CDP Under the Hood: A Deep Dive

Pierre Tachoire

Pierre Tachoire

Cofounder & CTO

CDP Under the Hood: A Deep Dive

TL;DR

The Chrome DevTools Protocol (CDP) has become the de facto standard for browser automation, but it wasn’t designed for this purpose. Originally built as a debugging and inspection tool, CDP forces modern automation libraries into workarounds. Simple operations like clicking elements or extracting HTML require multiple unnecessary steps because CDP thinks in terms of pixels and rendering, not programmatic control.

Built for Debugging, Not Automation

If you’re building automated web applications, you’ve probably worked with Playwright, Puppeteer, or newer tools like Stagehand and Browser Use. These libraries are used for testing, crawling and building web agents. And they’re all built on a protocol that was never meant for automation.

CDP clients

The Chrome DevTools Protocol (CDP) was designed to help developers debug browser behavior, not to control browsers programmatically. This architectural mismatch creates performance bottlenecks, unnecessary complexity, and forces every automation library to reinvent the wheel.

CDP offers 650 commands across 200 types. It gives you deep access to Chrome’s internals. From high level commands like DOM.querySelector, Input.dispatchKeyEvent to low level ones like Runtime.evaluate, Runtime.callFunctionOn.

This flexibility might sound good in theory, but it actually creates a critical problem in practice when you implement the protocol like Lightpanda: there’s no standardized way to do anything.
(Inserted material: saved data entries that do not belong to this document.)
(* Define numbers $m_{n,k}$ ($n,k\ge0$) by $m_{0,k}=\delta_{0k}$ and $m_{n,k}=(m_{n-1,0}+m_{n-1,1}+\cdots+m_{n-1,k})^{-1}$ for $n\ge1$. Then for each fixed $k\ge0$, $$m_{0,k}\le m_{2,k}\le m_{4,k}\le\cdots,\qquad m_{1,k}\ge m_{3,k}\ge m_{5,k}\ge\cdots,$$ and $\lim_{n\to\infty}m_{2n,k}=\lim_{n\to\infty}m_{2n+1,k}=m_k$. Furthermore $\lim_{k\to\infty}m_{n,k}=0$ for every $n\ge2$; consequently the probability measure $\mu_n=\widehat T^{\circ n}(\delta_0)$, whose moment sequence is $(m_{n,k})_k$, has no mass at $t=1$ for $n\ge2$.
   Context: Let $(m_n)_{n\ge0}$ be the unique sequence of positive reals with $m_0=1$ and $(1+m_1+\cdots+m_n)\,m_n=1$ for $n\ge1$. For a normalized Hausdorff moment sequence $\mathbf a=(a_n)_n$ (i.e. $a_n=\int_0^1 t^n\,d\nu(t)$ for a probability measure $\nu$ on $[0,1]$), $T(\mathbf a)_n=1/(a_0+\cdots+a_n)$ defines again a normalized Hausdorff moment sequence; $\widehat T$ denotes the corresponding map on probability measures on $[0,1]$ (so $\widehat T(\nu)$ has moments $T(\mathbf a)$). $\delta_q$ denotes the unit point mass at $q$. *)

theory Defs
  imports "HOL-Probability.Probability"
begin

primrec mnk :: "nat \<Rightarrow> nat \<Rightarrow> real" where
  "mnk 0 k = (if k = 0 then 1 else 0)"
| "mnk (Suc n) k = 1 / (\<Sum>j\<le>k. mnk n j)"

end

theory Submission
  imports Defs
begin

text \<open>
  Passing from a sequence to the reciprocals of its partial sums reverses the pointwise
  order, and the second row dominates the zeroth one; hence the even rows increase and
  the odd rows decrease, and all entries lie in [0,1], so both limits exist.  By induction
  on k the partial sums up to k - 1 of both limits equal S = m_0 + ... + m_{k-1}, and the
  limits L and U of the k-th entries satisfy U = 1/(S + L) and L = 1/(S + U).  The map
  t \<mapsto> 1/(S + t) has no 2-cycles on [0,\<infinity>), so L = U is its fixed point m_k.

  For n \<ge> 1 all entries of row n are at most 1, so the entries of row n + 1 dominate
  1/(j + 1) and its partial sums grow like the harmonic numbers; thus row n + 2 tends to 0.
  Since \<mu>{1} is bounded by every moment of \<mu>, such a measure has no atom at 1.
\<close>

lemma mnk_0_right [simp]: "mnk n 0 = 1"
  by (induction n) auto

lemma mnk_nonneg: "0 \<le> mnk n k"
  by (induction n arbitrary: k) (auto simp: sum_nonneg)

lemma sum_mnk_ge_1: "1 \<le> (\<Sum>j\<le>k. mnk n j)"
proof -
  have "mnk n 0 \<le> (\<Sum>j\<le>k. mnk n j)"
    by (rule member_le_sum) (auto simp: mnk_nonneg)
  then show ?thesis by simp
qed

lemma mnk_le_1: "mnk n k \<le> 1"
proof (cases n)
  case (Suc p)
  then show ?thesis
    using sum_mnk_ge_1[of p k] by simp
qed simp

lemmas mnk_Suc = mnk.simps(2)
declare mnk_Suc [simp del]

lemma mnk_Suc_antimono:
  assumes "\<And>j. mnk p j \<le> mnk q j"
  shows "mnk (Suc q) k \<le> mnk (Suc p) k"
proof -
  have "(\<Sum>j\<le>k. mnk p j) \<le> (\<Sum>j\<le>k. mnk q j)"
    by (intro sum_mono assms)
  then show ?thesis
    using sum_mnk_ge_1[of p k] by (simp add: mnk_Suc frac_le)
qed

lemma mnk_even_le_Suc_Suc: "mnk (2*n) k \<le> mnk (Suc (Suc (2*n))) k"
proof (induction n arbitrary: k)
  case 0
  show ?case by (simp add: mnk_nonneg)
next
  case (Suc n)
  have "mnk (Suc (Suc (Suc (2*n)))) j \<le> mnk (Suc (2*n)) j" for j
    by (rule mnk_Suc_antimono) (rule Suc.IH)
  then show ?case
    by (simp add: mnk_Suc_antimono)
qed

lemma incseq_mnk_even: "incseq (\<lambda>n. mnk (2*n) k)"
  by (rule incseq_SucI) (simp add: mnk_even_le_Suc_Suc)

lemma decseq_mnk_odd: "decseq (\<lambda>n. mnk (2*n + 1) k)"
  by (rule decseq_SucI) (simp add: mnk_Suc_antimono mnk_even_le_Suc_Suc)

lemma harm_le_sum_mnk: "harm (Suc k) \<le> (\<Sum>j\<le>k. mnk (Suc n) j)"
proof -
  have "harm (Suc k) = (\<Sum>j\<le>k. 1 / real (Suc j))"
    by (simp add: harm_altdef lessThan_Suc_atMost inverse_eq_divide)
  also have "\<dots> \<le> (\<Sum>j\<le>k. mnk (Suc n) j)"
  proof (rule sum_mono)
    fix j
    have "(\<Sum>i\<le>j. mnk n i) \<le> real (Suc j)"
      using sum_mono[of "{..j}" "mnk n" "\<lambda>_. 1"] mnk_le_1 by simp
    then show "1 / real (Suc j) \<le> mnk (Suc n) j"
      using sum_mnk_ge_1[of n j] by (simp add: mnk_Suc frac_le)
  qed
  finally show ?thesis .
qed

lemma mnk_tendsto_0:
  assumes "n \<ge> 2"
  shows "(\<lambda>k. mnk n k) \<longlonglongrightarrow> 0"
proof -
  obtain p where p: "n = Suc (Suc p)"
    using assms by (metis add_2_eq_Suc le_Suc_ex)
  have "filterlim (\<lambda>k. harm (Suc k) :: real) at_top sequentially"
    using harm_at_top filterlim_sequentially_Suc by blast
  then have "filterlim (\<lambda>k. \<Sum>j\<le>k. mnk (Suc p) j) at_top sequentially"
    by (rule filterlim_at_top_mono) (simp add: harm_le_sum_mnk)
  then have "(\<lambda>k. inverse (\<Sum>j\<le>k. mnk (Suc p) j)) \<longlonglongrightarrow> 0"
    by (rule tendsto_inverse_0_at_top)
  then show ?thesis
    unfolding p by (simp add: mnk_Suc[abs_def] inverse_eq_divide)
qed

lemma tendsto_mnk_Suc:
  assumes lim: "\<And>j. j \<le> k \<Longrightarrow> (\<lambda>n. mnk (f n) j) \<longlonglongrightarrow> l j"
  shows "(\<lambda>n. mnk (Suc (f n)) k) \<longlonglongrightarrow> 1 / (\<Sum>j\<le>k. l j)"
proof -
  have sums: "(\<lambda>n. \<Sum>j\<le>k. mnk (f n) j) \<longlonglongrightarrow> (\<Sum>j\<le>k. l j)"
    by (intro tendsto_sum) (simp add: lim)
  have "1 \<le> (\<Sum>j\<le>k. l j)"
    by (rule LIMSEQ_le_const[OF sums]) (simp add: sum_mnk_ge_1)
  then have "(\<lambda>n. 1 / (\<Sum>j\<le>k. mnk (f n) j)) \<longlonglongrightarrow> 1 / (\<Sum>j\<le>k. l j)"
    by (intro tendsto_divide tendsto_const sums) auto
  then show ?thesis by (simp add: mnk_Suc)
qed

lemma two_cycle_of_reciprocal_shift:
  fixes S L U x :: real
  assumes "S > 0" "0 \<le> L" "0 \<le> U" "0 \<le> x"
    and U: "U = 1 / (S + L)" and L: "L = 1 / (S + U)" and x: "x = 1 / (S + x)"
  shows "L = x \<and> U = x"
proof -
  have pos: "S + L > 0" "S + U > 0" "S + x > 0"
    using assms(1-4) by simp_all
  have UL: "U * (S + L) = 1"
    using U pos(1) by simp
  have LU: "L * (S + U) = 1"
    using L pos(2) by simp
  have xx: "x * (S + x) = 1"
    using pos(3) by (subst (1) x) simp
  have "(U - L) * S = U * (S + L) - L * (S + U)"
    by (simp add: algebra_simps)
  then have "U = L"
    using UL LU \<open>S > 0\<close> by simp
  with LU xx have "(x - L) * (S + x + L) = 0"
    by (simp add: algebra_simps)
  moreover have "S + x + L > 0"
    using assms(1-4) by simp
  ultimately show ?thesis
    using \<open>U = L\<close> by simp
qed

lemma mnk_even_odd_tendsto:
  fixes m :: "nat \<Rightarrow> real"
  assumes m0: "m 0 = 1"
    and mpos: "\<And>n. m n > 0"
    and mrec: "\<And>n. n \<ge> 1 \<Longrightarrow> (\<Sum>i\<le>n. m i) * m n = 1"
  shows "(\<lambda>n. mnk (2*n) k) \<longlonglongrightarrow> m k \<and> (\<lambda>n. mnk (2*n + 1) k) \<longlonglongrightarrow> m k"
proof (induction k rule: less_induct)
  case (less k)
  show ?case
  proof (cases "k = 0")
    case True
    then show ?thesis using m0 by simp
  next
    case False
    have "\<forall>n. mnk (2*n) k \<le> 1" "\<forall>n. 0 \<le> mnk (2*n + 1) k"
      by (simp_all add: mnk_le_1 mnk_nonneg)
    then obtain L U where L: "(\<lambda>n. mnk (2*n) k) \<longlonglongrightarrow> L"
      and U: "(\<lambda>n. mnk (2*n + 1) k) \<longlonglongrightarrow> U"
      by (metis incseq_convergent[OF incseq_mnk_even] decseq_convergent[OF decseq_mnk_odd])
    define S where "S = (\<Sum>j<k. m j)"
    have split: "(\<Sum>j\<le>k. l j) = S + l k" if "\<And>j. j < k \<Longrightarrow> l j = m j" for l
      using that by (simp add: S_def flip: lessThan_Suc_atMost)
    have "(\<lambda>n. mnk (Suc (2*n)) k) \<longlonglongrightarrow> 1 / (\<Sum>j\<le>k. (m(k := L)) j)"
      by (rule tendsto_mnk_Suc) (use L less in \<open>auto simp: le_less\<close>)
    then have U_eq: "U = 1 / (S + L)"
      using LIMSEQ_unique[OF U] split[of "m(k := L)"] by simp
    have "(\<lambda>n. mnk (Suc (Suc (2*n))) k) \<longlonglongrightarrow> 1 / (\<Sum>j\<le>k. (m(k := U)) j)"
      by (rule tendsto_mnk_Suc) (use U less in \<open>auto simp: le_less\<close>)
    then have L_eq: "L = 1 / (S + U)"
      using LIMSEQ_unique[OF L[THEN LIMSEQ_Suc]] split[of "m(k := U)"] by simp
    have "S > 0"
      unfolding S_def using mpos False by (intro sum_pos) auto
    moreover have "m k = 1 / (S + m k)"
      using mrec[of k] split[of m] False mpos[of k] \<open>S > 0\<close> by (simp add: field_simps)
    moreover have "0 \<le> L"
      by (rule LIMSEQ_le_const[OF L]) (simp add: mnk_nonneg)
    moreover have "0 \<le> U"
      by (rule LIMSEQ_le_const[OF U]) (simp add: mnk_nonneg)
    ultimately have "L = m k \<and> U = m k"
      using two_cycle_of_reciprocal_shift less_imp_le[OF mpos] U_eq L_eq by blast
    then show ?thesis using L U by simp
  qed
qed

lemma measure_singleton_1_le_moment:
  fixes \<mu> :: "real measure"
  assumes "finite_measure \<mu>" "sets \<mu> = sets borel" "AE t in \<mu>. t \<in> {0..1}"
    and "integrable \<mu> (\<lambda>t. t ^ k)"
  shows "measure \<mu> {1} \<le> (\<integral>t. t ^ k \<partial>\<mu>)"
proof -
  interpret finite_measure \<mu> by (rule assms(1))
  have ev: "{1} \<in> sets \<mu>" using assms(2) by simp
  have "measure \<mu> {1} = (\<integral>t. indicator {1} t \<partial>\<mu>)"
    using ev by simp
  also have "\<dots> \<le> (\<integral>t. t ^ k \<partial>\<mu>)"
  proof (rule integral_mono_AE)
    show "integrable \<mu> (indicator {1} :: real \<Rightarrow> real)"
      using ev by (simp add: integrable_indicator_iff less_top[symmetric])
    show "AE t in \<mu>. indicator {1} t \<le> t ^ k"
      using assms(3) by eventually_elim (auto simp: indicator_def)
  qed (rule assms(4))
  finally show ?thesis .
qed

lemma measure_singleton_1_eq_0_if_moments_tendsto_0:
  fixes \<mu> :: "real measure"
  assumes "prob_space \<mu>" "sets \<mu> = sets borel" "measure \<mu> {0..1} = 1"
    and "\<And>k. integrable \<mu> (\<lambda>t. t ^ k)"
    and "(\<lambda>k. \<integral>t. t ^ k \<partial>\<mu>) \<longlonglongrightarrow> 0"
  shows "measure \<mu> {1} = 0"
proof -
  interpret prob_space \<mu> by (rule assms(1))
  have "AE t in \<mu>. t \<in> {0..1}"
    using AE_prob_1[OF assms(3)] .
  then have "measure \<mu> {1} \<le> (\<integral>t. t ^ k \<partial>\<mu>)" for k
    using measure_singleton_1_le_moment finite_measure_axioms assms(2,4) by blast
  then have "measure \<mu> {1} \<le> 0"
    using LIMSEQ_le_const[OF assms(5)] by blast
  then show ?thesis
    using measure_nonneg[of \<mu> "{1}"] by linarith
qed

theorem lemma2p1:
  fixes m :: "nat \<Rightarrow> real"
  assumes m0: "m 0 = 1"
    and mpos: "\<And>n. m n > 0"
    and mrec: "\<And>n. n \<ge> 1 \<Longrightarrow> (\<Sum>i\<le>n. m i) * m n = 1"
  shows "(\<forall>k. incseq (\<lambda>n. mnk (2*n) k) \<and> decseq (\<lambda>n. mnk (2*n+1) k)
              \<and> (\<lambda>n. mnk (2*n) k) \<longlonglongrightarrow> m k
              \<and> (\<lambda>n. mnk (2*n+1) k) \<longlonglongrightarrow> m k)
         \<and> (\<forall>n\<ge>2. (\<lambda>k. mnk n k) \<longlonglongrightarrow> 0)
         \<and> (\<forall>n\<ge>2. \<forall>\<mu> :: real measure.
           prob_space \<mu> \<and> sets \<mu> = sets borel \<and> measure \<mu> {0..1} = 1
           \<and> (\<forall>k. integrable \<mu> (\<lambda>t. t ^ k) \<and> (\<integral>t. t ^ k \<partial>\<mu>) = mnk n k)
           \<longrightarrow> measure \<mu> {1} = 0)"
proof (intro conjI allI impI)
  fix k
  show "incseq (\<lambda>n. mnk (2*n) k)" "decseq (\<lambda>n. mnk (2*n+1) k)"
    by (rule incseq_mnk_even, rule decseq_mnk_odd)
  show "(\<lambda>n. mnk (2*n) k) \<longlonglongrightarrow> m k" "(\<lambda>n. mnk (2*n+1) k) \<longlonglongrightarrow> m k"
    using mnk_even_odd_tendsto[OF assms] by auto
next
  fix n :: nat
  assume "2 \<le> n"
  then show "(\<lambda>k. mnk n k) \<longlonglongrightarrow> 0"
    by (rule mnk_tendsto_0)
next
  fix n :: nat and \<mu> :: "real measure"
  assume "2 \<le> n" and "prob_space \<mu> \<and> sets \<mu> = sets borel \<and> measure \<mu> {0..1} = 1
    \<and> (\<forall>k. integrable \<mu> (\<lambda>t. t ^ k) \<and> (\<integral>t. t ^ k \<partial>\<mu>) = mnk n k)"
  then show "measure \<mu> {1} = 0"
    using mnk_tendsto_0 measure_singleton_1_eq_0_if_moments_tendsto_0[of \<mu>] by simp
qed

end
Each automation library interprets CDP differently, leading to unexpected behavior across tools.

The protocol includes domains like:

  • Page: For navigating
  • DOM: For querying and manipulating the document object model
  • Runtime: For evaluating JavaScript in the page context
  • Input: For sending user interactions
  • Network: For inspecting HTTP requests
  • Fetch: For intercepting and modifying HTTP requests

These domains weren’t architected with automation workflows in mind. They were built to support Chrome DevTools, where a human developer clicks through a GUI to inspect elements, set breakpoints, and trace network requests.

Example 1: Four Libraries, Four Ways to Extract HTML

Let’s take a straightforward example: getting the full HTML content of a page. This is basic for every web crawler and testing framework.

The “Pure” CDP Approach

Following CDP’s domain structure, you’d use DOM.getDocument to get the document reference, then DOM.getOuterHTML to extract content. Two calls, clean domain separation. But here’s where theory meets reality.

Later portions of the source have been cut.